Micro RNAs (miRNAs) are emerging as potential new biomarkers for TC. A number of studies suggest higher discriminatory accuracy for miRNAs (particularly miR-371a-3p) compared to conventional GCT markers in diagnosis, treatment monitoring, and predicting of residual or recurrent viable disease [64-71]. Furthermore, they may differentiate between GCT and other (stromal/non-germ cell originated) tumours [71]. However, before miRNAs can be considered for use in routine clinical practice, several issues including laboratory standardisation, availability of the test and, importantly, prognostic validation [70] need to be resolved.

5.4. Inguinal exploration and initial management

5.4.1. Orchidectomy

Orchidectomy including division of the spermatic cord at the internal inguinal ring represents the standard of care in patients with TC. Scrotal approach should be avoided when TC is suspected as it results in a higher local recurrence rate [72].

5.4.2. Testis-sparing surgery

Testis-sparing surgery is a valid treatment option in men with interstitial cell or benign testicular tumours and may prevent hypogonadism, lifelong testosterone supplementation and infertility in young men.

In men with TGCTs orchiectomy represents the standard of care as pathological studies describe multifocal and/or adjacent GCNIS in 20-30% of patients [73,74]. However, TSS when feasible, is indicated in synchronous bilateral tumours or in tumours in solitary testis [75]. Importantly, when indicated in this setting, besides enucleation of the testicular lesion, at least two additional testicular biopsies should be taken to exclude GCNIS [76].

Testis-sparing surgery can also be offered in cases of small or indeterminate testicular masses with negative tumour markers in the presence of a normal contralateral testis in order to avoid the over-treatment of potentially benign lesions and to preserve testicular function [75,77].

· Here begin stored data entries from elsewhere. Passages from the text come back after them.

lemma polys_over_add: "P \<in> polys_over R \<Longrightarrow> Q \<in> polys_over R \<Longrightarrow> P + Q \<in> polys_over R"
  and polys_over_diff: "P \<in> polys_over R \<Longrightarrow> Q \<in> polys_over R \<Longrightarrow> P - Q \<in> polys_over R"
  by (simp_all add: polys_over_def subring_add subring_diff R)

lemma polys_over_smult: "c \<in> R \<Longrightarrow> P \<in> polys_over R \<Longrightarrow> smult c P \<in> polys_over R"
  by (simp add: polys_over_def subring_mult R)

lemma polys_over_monom: "c \<in> R \<Longrightarrow> monom c n \<in> polys_over R"
  by (rule polys_overI) (simp add: coeff_monom subring_zero R)

lemma polys_over_mult: "P \<in> polys_over R \<Longrightarrow> Q \<in> polys_over R \<Longrightarrow> P * Q \<in> polys_over R"
  by (rule polys_overI) (simp add: coeff_mult polys_overD subring_mult subring_sum R)

lemma polys_over_power: "P \<in> polys_over R \<Longrightarrow> P ^ n \<in> polys_over R"
  by (induction n) (simp_all add: polys_over_1 polys_over_mult)

lemma polys_over_prod: "(\<And>i. i \<in> S \<Longrightarrow> P i \<in> polys_over R) \<Longrightarrow> prod P S \<in> polys_over R"
  by (induction S rule: infinite_finite_induct) (simp_all add: polys_over_1 polys_over_mult)

lemma polys_over_pcompose:
  "P \<in> polys_over R \<Longrightarrow> Q \<in> polys_over R \<Longrightarrow> pcompose P Q \<in> polys_over R"
proof (induction P)
  case (pCons a P)
  have "a \<in> R" "P \<in> polys_over R"
    using polys_overD[OF pCons.prems(1), of 0] polys_overD[OF pCons.prems(1), of "Suc _"]
    by (auto intro: polys_overI)
  with pCons show ?case
    by (simp add: pcompose_pCons polys_over_add polys_over_mult polys_over_const)
qed (simp add: polys_over_0)

lemma polys_over_mod_monic:
  assumes G: "G \<in> polys_over R" "lead_coeff G = 1" and P: "P \<in> polys_over R"
  shows "P mod G \<in> polys_over R"
  using P
proof (induction "degree P" arbitrary: P rule: less_induct)
  case (less P)
  show ?case
  proof (cases "degree P < degree G")
    case True
    then show ?thesis using less.prems by (simp add: mod_poly_less)
  next
    case False
    define Q where "Q = monom (lead_coeff P) (degree P - degree G)"
    define P' where "P' = P - Q * G"
    have P': "P' \<in> polys_over R"
      unfolding P'_def Q_def using less.prems G
      by (simp add: polys_over_diff polys_over_mult polys_over_monom polys_overD)
    have mod_eq: "P mod G = P' mod G"
      unfolding P'_def by (metis diff_add_cancel mod_mult_self1)
    have "degree (Q * G) \<le> degree Q + degree G"
      by (rule degree_mult_le)
    also have "\<dots> \<le> degree P"
      unfolding Q_def using False degree_monom_le[of "lead_coeff P" "degree P - degree G"] by arith
    finally have degQG: "degree (Q * G) \<le> degree P" .
    have "coeff P' (degree P) = 0"
      unfolding P'_def Q_def using False G by (simp add: coeff_monom_mult)
    moreover have "degree P' \<le> degree P"
      unfolding P'_def using degQG by (simp add: degree_diff_le)
    ultimately have "P' = 0 \<or> degree P' < degree P"
      by (metis leading_coeff_0_iff order_le_less)
    then show ?thesis
      using less.hyps[OF _ P'] by (auto simp: mod_eq polys_over_0)
  qed
qed

end

lemma poly_mod_eq_0:
  "poly P x = 0 \<Longrightarrow> poly G x = 0 \<Longrightarrow> poly (P mod G :: 'a::field poly) x = 0"
  by (simp flip: minus_div_mult_eq_mod)

section \<open>Artin--Schreier polynomials\<close>

definition AS_poly :: "nat \<Rightarrow> 'a::comm_ring_1 \<Rightarrow> 'a poly" where
  "AS_poly p c = monom 1 p - [:c, 1:]"

lemma poly_AS_poly: "poly (AS_poly p c) x = x ^ p - x - c"
  by (simp add: AS_poly_def poly_monom)

lemma AS_poly_in_polys_over:
  "is_subring R \<Longrightarrow> c \<in> R \<Longrightarrow> AS_poly p c \<in> polys_over R"
  unfolding AS_poly_def
  by (intro polys_over_diff polys_over_monom polys_over_pCons polys_over_const subring_one)

lemma
  assumes "2 \<le> p"
  shows degree_AS_poly: "degree (AS_poly p (c::'a::field)) = p"
    and lead_coeff_AS_poly: "lead_coeff (AS_poly p c) = 1"
proof -
  have "degree [:c, 1::'a:] < degree (monom (1::'a) p)"
    using assms by (simp add: degree_monom_eq)
  then show deg: "degree (AS_poly p c) = p"
    unfolding AS_poly_def diff_conv_add_uminus
    by (subst degree_add_eq_left) (simp_all add: degree_monom_eq del: minus_pCons)
  show "lead_coeff (AS_poly p c) = 1"
    unfolding deg unfolding AS_poly_def using assms by (simp add: coeff_pCons split: nat.split)
qed

lemma monic_dvd_prod_linear:
  fixes b :: "'b \<Rightarrow> 'a::field"
  assumes "finite S" "lead_coeff G = 1" "G dvd (\<Prod>k\<in>S. [:-b k, 1:])"
  shows "\<exists>S'\<subseteq>S. G = (\<Prod>k\<in>S'. [:-b k, 1:])"
  using assms
proof (induction S arbitrary: G rule: finite_induct)
  case empty
  then obtain c where "G = [:c:]"
    by (auto simp: is_unit_poly_iff)
  with empty.prems show ?case
    by (simp add: one_pCons)
next
  case (insert a S)
  define L where "L = [:-b a, 1:]"
  have L: "prime_elem L"
    unfolding L_def by (rule prime_elem_linear_field_poly) simp
  have dvd: "G dvd L * (\<Prod>k\<in>S. [:-b k, 1:])"
    using insert by (simp add: L_def)
  show ?case
  proof (cases "L dvd G")
    case True
    then obtain G' where G': "G = L * G'" ..
    have "lead_coeff G = lead_coeff L * lead_coeff G'"
      unfolding G' by (rule lead_coeff_mult)
    then have "lead_coeff G' = 1"
      using insert.prems(1) by (simp add: L_def)
    moreover have "G' dvd (\<Prod>k\<in>S. [:-b k, 1:])"
      using dvd L by (simp add: G' prime_elem_not_zeroI)
    ultimately obtain S' where "S' \<subseteq> S" "G' = (\<Prod>k\<in>S'. [:-b k, 1:])"
      using insert.IH by blast
    moreover from this have "a \<notin> S'" "finite S'"
      using insert.hyps by (auto intro: finite_subset)
    ultimately show ?thesis
      by (intro exI[of _ "insert a S'"]) (auto simp: G' L_def)
  next
    case False
    obtain H where H: "L * (\<Prod>k\<in>S. [:-b k, 1:]) = G * H"
      using dvd ..
    have "L dvd G * H"
      by (simp flip: H)
    with L False have "L dvd H"
      by (simp add: prime_elem_dvd_mult_iff)
    then obtain H' where "H = L * H'" ..
    with H L have "(\<Prod>k\<in>S. [:-b k, 1:]) = G * H'"
      by (simp add: ac_simps prime_elem_not_zeroI)
    then have "G dvd (\<Prod>k\<in>S. [:-b k, 1:])" ..
    then obtain S' where "S' \<subseteq> S" "G = (\<Prod>k\<in>S'. [:-b k, 1:])"
      using insert.IH insert.prems(1) by blast
    then show ?thesis
      by blast
  qed
qed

Patients should be informed that cancer can be present even in small (i.e., < 1 cm) masses [75,78,79], thus obtaining histology is mandatory.

In both settings, TSS should only be offered together with frozen section examination (FSE). Frozen section examination has shown to be reliable and highly concordant with final histopathology, with a 99% and 96% of sensitivity and specificity respectively and 98% and 97% of PPV and NPV, respectively [77,80,81]. In cases of discordance between FSE and final pathology delayed orchiectomy might be needed.

Whether history of GCT or indeterminate small testicular lesion, patients should be made aware on the following issues regarding TSS practice: that limited data exists regarding oncological safety of TSS; that local recurrence rates have been reported (overall 0-26.9%), when TC is present in the specimen [75,79,82] and that TSS has implications for ongoing surveillance of the testis. Similarly, patients should be informed about the role and impact of adjuvant radiotherapy when GCNIS is present, on the potential infertility, the need for hormonal supplementation despite parenchyma preservation [75,79,83], and that possible discordance between FSE and final pathology may drive the need for a delayed orchidectomy.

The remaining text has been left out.